I wrote my first blog post about the black Confederate myth back in 2008. Over the years these posts have generated hundreds of comments and often heated discussion. At its core the question is not simply whether blacks served as Confederate soldiers, but how we think about and remember the place of slavery in the American Civil War. The subject bridges my interests in the history and memory of the Civil War, digital media literacy, and history education. From the beginning I was struck by the wide discrepancy between what Confederates themselves had to say about the status and role of enslaved people in the war effort and the wild claims made today about the existence of tens of thousands of loyal black Confederate soldiers. These claims can be found on thousands of websites, in history textbooks, National Park Service exhibits, and monuments, and even in the writings of two Harvard scholars. I wanted to better understand why some people insist on defending this narrative in the face of overwhelming evidence to the contrary and why others who have a sincere interest in the history of the war fall victim to this myth.

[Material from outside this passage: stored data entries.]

(* Let $\Lambda$ be a strongly connected finite $k$-graph, and suppose $v\in\Lambda^0$ and $m,n\in\mathbb{N}^k$ satisfy $\sigma^m(x)=\sigma^n(x)$ for all $x\in Z(v)$. Then: (1) $\sigma^m(x)=\sigma^n(x)$ for all $x\in\Lambda^\infty$. (2) For each $\mu\in\Lambda^m$ there is a unique $\theta_{m,n}(\mu)\in\Lambda^n$ such that $\mu x=\theta_{m,n}(\mu)x$ for all $x\in Z(s(\mu))$; the map $\theta_{m,n}:\Lambda^m\to\Lambda^n$ preserves range and source. (3) If $w\in\Lambda^0$ and $p\in\mathbb{N}^k$ also satisfy $\sigma^n(x)=\sigma^p(x)$ for all $x\in Z(w)$, then $\sigma^m(x)=\sigma^p(x)$ for all $x\in\Lambda^\infty$ and $\theta_{n,p}\circ\theta_{m,n}=\theta_{m,p}$. (4) Each $\theta_{m,m}$ is the identity of $\Lambda^m$, and each $\theta_{m,n}$ is a bijection with $\theta_{m,n}^{-1}=\theta_{n,m}$.
   Context: A $k$-graph is a countable category $\Lambda$ with a functor $d:\Lambda\to\mathbb{N}^k$ such that whenever $d(\lambda)=m+n$ there are unique $\mu,\nu$ with $d(\mu)=m$, $d(\nu)=n$, $\lambda=\mu\nu$. $\Lambda^n=d^{-1}(n)$, $\Lambda^0$ = vertices, $r,s$ range and source. Standing convention: $\Lambda^{e_i}\neq\emptyset$ for each $i$. Finite: each $\Lambda^n$ finite; strongly connected: $v\Lambda w\neq\emptyset$ for all vertices. Infinite paths: $\Omega_k=\{(m,n)\in\mathbb{N}^k\times\mathbb{N}^k:m\le n\}$ is a $k$-graph with $r(m,n)=(m,m)$, $s(m,n)=(n,n)$, $(m,n)(n,p)=(m,p)$, $d(m,n)=n-m$; an infinite path is a degree-preserving functor $x:\Omega_k\to\Lambda$; $\Lambda^\infty$ their set; $r(x)=x(0,0)$; $\sigma^n(x)(p,q)=x(n+p,n+q)$; for $s(\lambda)=r(x)$, $\lambda x$ is the unique infinite path with $(\lambda x)(0,d(\lambda))=\lambda$ and $\sigma^{d(\lambda)}(\lambda x)=x$; $Z(\lambda)=\{x:x(0,d(\lambda))=\lambda\}$ (so $Z(v)=\{x:r(x)=v\}$). *)

theory Defs
  imports Main "HOL-Library.Countable_Set"
begin

text \<open>Degrees live in N^k, rendered as functions 'k => nat for a finite index type 'k
  (so k = CARD('k)). Morphisms of the k-graph have type 'a; objects (vertices) are
  identified with identity morphisms.\<close>

record ('a, 'k) kgraph =
  Mor :: "'a set"
  rg  :: "'a \<Rightarrow> 'a"
  sc  :: "'a \<Rightarrow> 'a"
  cmp :: "'a \<Rightarrow> 'a \<Rightarrow> 'a"
  dg  :: "'a \<Rightarrow> 'k \<Rightarrow> nat"

definition dadd :: "('k \<Rightarrow> nat) \<Rightarrow> ('k \<Rightarrow> nat) \<Rightarrow> 'k \<Rightarrow> nat" where
  "dadd m n = (\<lambda>i. m i + n i)"

definition dsub :: "('k \<Rightarrow> nat) \<Rightarrow> ('k \<Rightarrow> nat) \<Rightarrow> 'k \<Rightarrow> nat" where
  "dsub n m = (\<lambda>i. n i - m i)"

definition dzero :: "'k \<Rightarrow> nat" where "dzero = (\<lambda>i. 0)"

definition unitdeg :: "'k \<Rightarrow> 'k \<Rightarrow> nat" where
  "unitdeg i = (\<lambda>j. if j = i then 1 else 0)"

definition Lam :: "('a, 'k) kgraph \<Rightarrow> ('k \<Rightarrow> nat) \<Rightarrow> 'a set" where
  "Lam G n = {l \<in> Mor G. dg G l = n}"

definition vertices :: "('a, 'k) kgraph \<Rightarrow> 'a set" where
  "vertices G = {v \<in> Mor G. rg G v = v \<and> sc G v = v}"
text \<open>Returns (g, lo, hi): g is the (decreasing) scalar function whose root in
  [lo, hi] determines the iterate.\<close>
definition isgd_bracket :: "real \<Rightarrow> real \<Rightarrow> real \<Rightarrow> real \<Rightarrow> real \<Rightarrow> real \<Rightarrow> real \<Rightarrow> real
    \<Rightarrow> (real \<Rightarrow> real) \<times> real \<times> real" where
  "isgd_bracket eta N K ak ay c q ut =
     (let Q = q * (ak + ay); A = 1 + (K - 1) * exp c in
      if q > 0 then
        ((\<lambda>b. Q * (isgd_ub eta N K c Q b - ut + eta * N * (1 - exp (- isgd_ub eta N K c Q b))) - b),
         0, isgd_L eta N K c q ut)
      else
        ((\<lambda>v. ut - v - eta * N * (1 - A * exp (- v))), min ut (ln A), max ut (ln A)))"

text \<open>From the scalar root r: (new u_i, s), where the updated columns are
  w_k' = ak (wt_k - s x_i), w_{y_i}' = ay (wt_{y_i} + s x_i).\<close>
definition isgd_scal :: "real \<Rightarrow> real \<Rightarrow> real \<Rightarrow> real \<Rightarrow> real \<Rightarrow> real \<Rightarrow> real \<Rightarrow> real
    \<Rightarrow> real \<times> real" where
  "isgd_scal eta N K ak ay c q r =
     (if q > 0 then (isgd_ub eta N K c (q * (ak + ay)) r, r / (q * (ak + ay)))
      else (r, eta * N * (K - 1) * exp (c - r)))"

definition isgd_recon :: "'n::finite \<Rightarrow> 'k::finite \<Rightarrow> 'k \<Rightarrow> real^'d::finite \<Rightarrow> real^'n
    \<Rightarrow> real^'d^'k \<Rightarrow> real \<Rightarrow> real \<Rightarrow> real \<times> real \<Rightarrow> (real^'n) \<times> (real^'d^'k)" where
  "isgd_recon i k ky xi ut Wt ak ay us =
     (case us of (uval, s) \<Rightarrow>
       ((\<chi> j. if j = i then uval else ut$j),
        (\<chi> j. if j = k then ak *\<^sub>R (Wt$k - s *\<^sub>R xi)
              else if j = ky then ay *\<^sub>R (Wt$ky + s *\<^sub>R xi) else Wt$j)))"

text \<open>Bisection for a decreasing function g: n steps = n evaluations of g.\<close>
fun bisect :: "(real \<Rightarrow> real) \<Rightarrow> real \<Rightarrow> real \<Rightarrow> nat \<Rightarrow> real \<times> real" where
  "bisect g lo hi 0 = (lo, hi)"
| "bisect g lo hi (Suc n) =
     (case bisect g lo hi n of (a, b) \<Rightarrow>
        let m = (a + b) / 2 in if g m \<ge> 0 then (m, b) else (a, m))"

end

theory Submission
  imports Defs
begin

(* The iterate minimises 2 eta f_ik + |(u, W) - (ut, Wt)|^2 with f_ik convex, so a point (us, Ws)
   with (ut, Wt) - (us, Ws) = eta grad f_ik (us, Ws) is the unique minimiser: the objective exceeds
   its value there by at least |(u, W) - (us, Ws)|^2.  Only u_i, w_k and w_{y_i} move, and the
   stationarity conditions force w_k' = ak (wt_k - s x_i) and w_{y_i}' = ay (wt_{y_i} + s x_i), so
   they reduce to two scalar equations in (u_i', s) in which x_i and Wt enter only through the
   inner products c and q.  Eliminating one unknown leaves a strictly decreasing continuous function
   of one real variable that changes sign on an interval of length at most L; bisection halves the
   bracket of its root at every evaluation, so log2 (L / eps) evaluations reach accuracy eps. *)

lemma beta_nonneg:
  fixes y :: "'n::finite \<Rightarrow> 'k::finite"
  shows "beta y j \<ge> 0"
proof -
  have "ncls y j \<le> CARD('n)" unfolding ncls_def by (rule card_mono) auto
  moreover have "real CARD('k) - 1 \<ge> 0" by simp
  ultimately show ?thesis unfolding beta_def by (intro divide_nonneg_nonneg add_nonneg_nonneg) auto
qed

lemma exp_ge_tangent: "exp t0 * (1 + (t - t0)) \<le> exp (t::real)"
  using mult_left_mono[OF exp_ge_add_one_self[of "t - t0"], of "exp t0"]
  by (simp add: exp_diff)

lemma power2_norm_ge_tangent:
  fixes a b :: "'a::real_inner"
  shows "(norm b)\<^sup>2 + 2 * (b \<bullet> (a - b)) \<le> (norm a)\<^sup>2"
proof -
  have "(norm a)\<^sup>2 = (norm b)\<^sup>2 + 2 * (b \<bullet> (a - b)) + (norm (a - b))\<^sup>2"
    by (simp add: power2_norm_eq_inner inner_diff_left inner_diff_right inner_commute)
  then show ?thesis by simp
qed
lemma complexify_dual_rep:
  assumes g: "linear g" and B: "\<forall>a\<in>B. mc_adj a \<in> B"
    and sa: "\<And>x s. dual_rep B \<phi> x s \<Longrightarrow> mc_adj x = x \<Longrightarrow> Im s = 0 \<and> g x = Re s"
    and x: "dual_rep B \<phi> x s"
  shows "complexify g x = s"
proof -
  obtain s' where x': "dual_rep B \<phi> (mc_adj x) s'"
    using dual_rep_mc_adj[OF x B] .
  define u where "u = of_real (1/2) * (s + s')"
  define v where "v = (- \<i> / 2) * (s + (-1) * s')"
  have "dual_rep B \<phi> (re_part x) u"
    unfolding re_part_def u_def by (intro dual_rep_scaleR dual_rep_add x x')
  then have u: "Im u = 0" "g (re_part x) = Re u"
    using sa mc_adj_re_part by blast+
  have "dual_rep B \<phi> (im_part x) v"
    unfolding im_part_def v_def diff_conv_add_uminus smat_minus_one[symmetric]
    by (intro dual_rep_smat dual_rep_add x x')
  then have v: "Im v = 0" "g (im_part x) = Re v"
    using sa mc_adj_im_part by blast+
  have "complexify g x = u + \<i> * v"
    using u v by (simp add: complexify_def complex_eq_iff)
  also have "\<dots> = s"
    by (simp add: u_def v_def field_simps)
  finally show ?thesis .
qed

lemma positive_dual_extension:
  fixes \<phi> :: "'n::finite cmat \<Rightarrow> 'k::finite cmat"
  assumes posC: "\<forall>\<alpha>\<in>C. positive_map \<alpha>" and B: "mat 1 \<in> B" "\<forall>a\<in>B. mc_adj a \<in> B"
    and \<phi>: "C_positive C B \<phi>"
  obtains g :: "('n \<times> 'k) cmat \<Rightarrow> real"
  where "linear g" "\<forall>p\<in>P_cone C. 0 \<le> g p" "\<And>x s. dual_rep B \<phi> x s \<Longrightarrow> complexify g x = s"
proof -
  define R where "R = {(x, Re s) | x s. dual_rep B \<phi> x s \<and> mc_adj x = x}"
  obtain M where M: "0 \<le> M" "\<And>y :: ('n \<times> 'k) cmat. mc_adj y = y \<Longrightarrow> y + (M * norm y) *\<^sub>R mat 1 \<in> P_cone C"
    using P_cone_order_unit[OF posC] by blast
  have "dual_rep B \<phi> (mat 1) (mtr (\<phi> (mat 1) ** transpose (mat 1)))"
    using dual_rep_kron[OF B(1), of \<phi> "mat 1"] by (simp add: kron_mat_one)
  then have "(mat 1, Re (mtr (\<phi> (mat 1) ** transpose (mat 1)))) \<in> R"
    unfolding R_def using mc_adj_mat_one by blast
  then obtain g where g: "linear g" "\<forall>(x, s)\<in>R. g x = s" "\<forall>p\<in>P_cone C. 0 \<le> g p"
    using riesz_extension.exists_positive_extension[OF riesz_extension.intro[OF
          convex_cone_P_cone[OF posC] subspace_self_adjoint P_cone_self_adjoint _
          subspace_self_adjoint_dual_rep[of B \<phi>, folded R_def] _ mat_one_mem_P_cone[OF posC] M]]
      dual_rep_nonneg[OF \<phi>] by (fastforce simp: R_def)
  moreover have "complexify g x = s" if "dual_rep B \<phi> x s" for x s
  proof (rule complexify_dual_rep[OF g(1) B(2) _ that])
    fix y t assume "dual_rep B \<phi> y t" "mc_adj y = y"
    moreover from this have "(y, Re t) \<in> R"
      unfolding R_def by blast
    ultimately show "Im t = 0 \<and> g y = Re t"
      using dual_rep_self_adjoint_real[OF posC B(1) \<phi>] g(2) by auto
  qed
  ultimately show ?thesis
    using that by blast
qed

theorem corollary2:
  fixes C :: "('k::finite cmat \<Rightarrow> 'k cmat) set"
    and B :: "('n::finite) cmat set"
    and \<phi> :: "'n cmat \<Rightarrow> 'k cmat"
  assumes "mapping_cone C"
    and "unital_cstar_subalg B"
    and "clinear_on B \<phi>"
    and "C_positive C B \<phi>"
  shows "\<exists>\<psi>. clinear_on UNIV \<psi> \<and> C_positive C UNIV \<psi> \<and> (\<forall>a\<in>B. \<psi> a = \<phi> a)"
proof -
  have posC: "\<forall>\<alpha>\<in>C. positive_map \<alpha>"
    using assms(1) by (simp add: mapping_cone_def)
  have B: "mat 1 \<in> B" "\<forall>a\<in>B. mc_adj a \<in> B"
    using assms(2) by (simp_all add: unital_cstar_subalg_def)
  obtain g where g: "linear g" "\<forall>p\<in>P_cone C. 0 \<le> g p"
    and F: "\<And>x s. dual_rep B \<phi> x s \<Longrightarrow> complexify g x = s"
    using positive_dual_extension[OF posC B assms(4)] by blast
  show ?thesis
  proof (intro exI conjI ballI)
    show "clinear_on UNIV (tensor_dual (complexify g))"
      by (intro clinear_tensor_dual complexify_add complexify_smat g(1))
    show "C_positive C UNIV (tensor_dual (complexify g))"
      using g(2) by (intro C_positive_tensor_dual complexify_add complexify_smat g(1))
        (simp add: complexify_self_adjoint[OF g(1)] P_cone_def)
    show "tensor_dual (complexify g) a = \<phi> a" if "a \<in> B" for a
      using F[OF dual_rep_kron[OF that]]
      by (simp add: vec_eq_iff tensor_dual_nth mtr_mult_transpose_matrix_unit)
  qed
qed

end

How did the idea of black Confederates become, as you note in the book’s subtitle, “the Civil War’s most persistent myth”?

What I find so striking is that during the very vocal debate over whether to allow enlistment of black men as soldiers in the southern armies—a debate that occurred throughout the Confederacy beginning in 1864 and continuing right up to the final weeks of the war—is that not a single person pointed to African Americans already serving as soldiers in the Confederate military. Regardless of their position on slave enlistment, no one in the army, in the Confederate capital of Richmond, or on the home front used the fact of existing black soldiers to bolster their position. Even in the decades following the war the white southerners who fought the conflict recalled the presence of blacks in the army, either as body servants or impressed slaves, but not as soldiers. This changed only in the mid-1970s as the memory of the war shifted in response to new research and the influence of the civil rights movement. Slavery, emancipation, and the service of black men in the Union army finally took center stage, and this did not sit well with members of the Confederate heritage community, particularly the Sons of Confederate Veterans. The SCV soon insisted that blacks were not only loyal to the Confederacy but had in fact “served” as soldiers. They commissioned books and used Confederate Veteran magazine to highlight these stories, but it was the internet that helped to spread these tales to a wider audience. Many of the websites that contain these false claims are cut and pasted from one another. Readers untrained in how to search and assess online content are easily misinformed. The ease with which new websites and social media pages can be created makes it next to impossible to challenge the black Confederate myth on a broad scale.

In Searching for Black Confederates, you also investigate the roles that African Americans actually performed in the Confederate army. What were these? And did you learn anything that surprised you?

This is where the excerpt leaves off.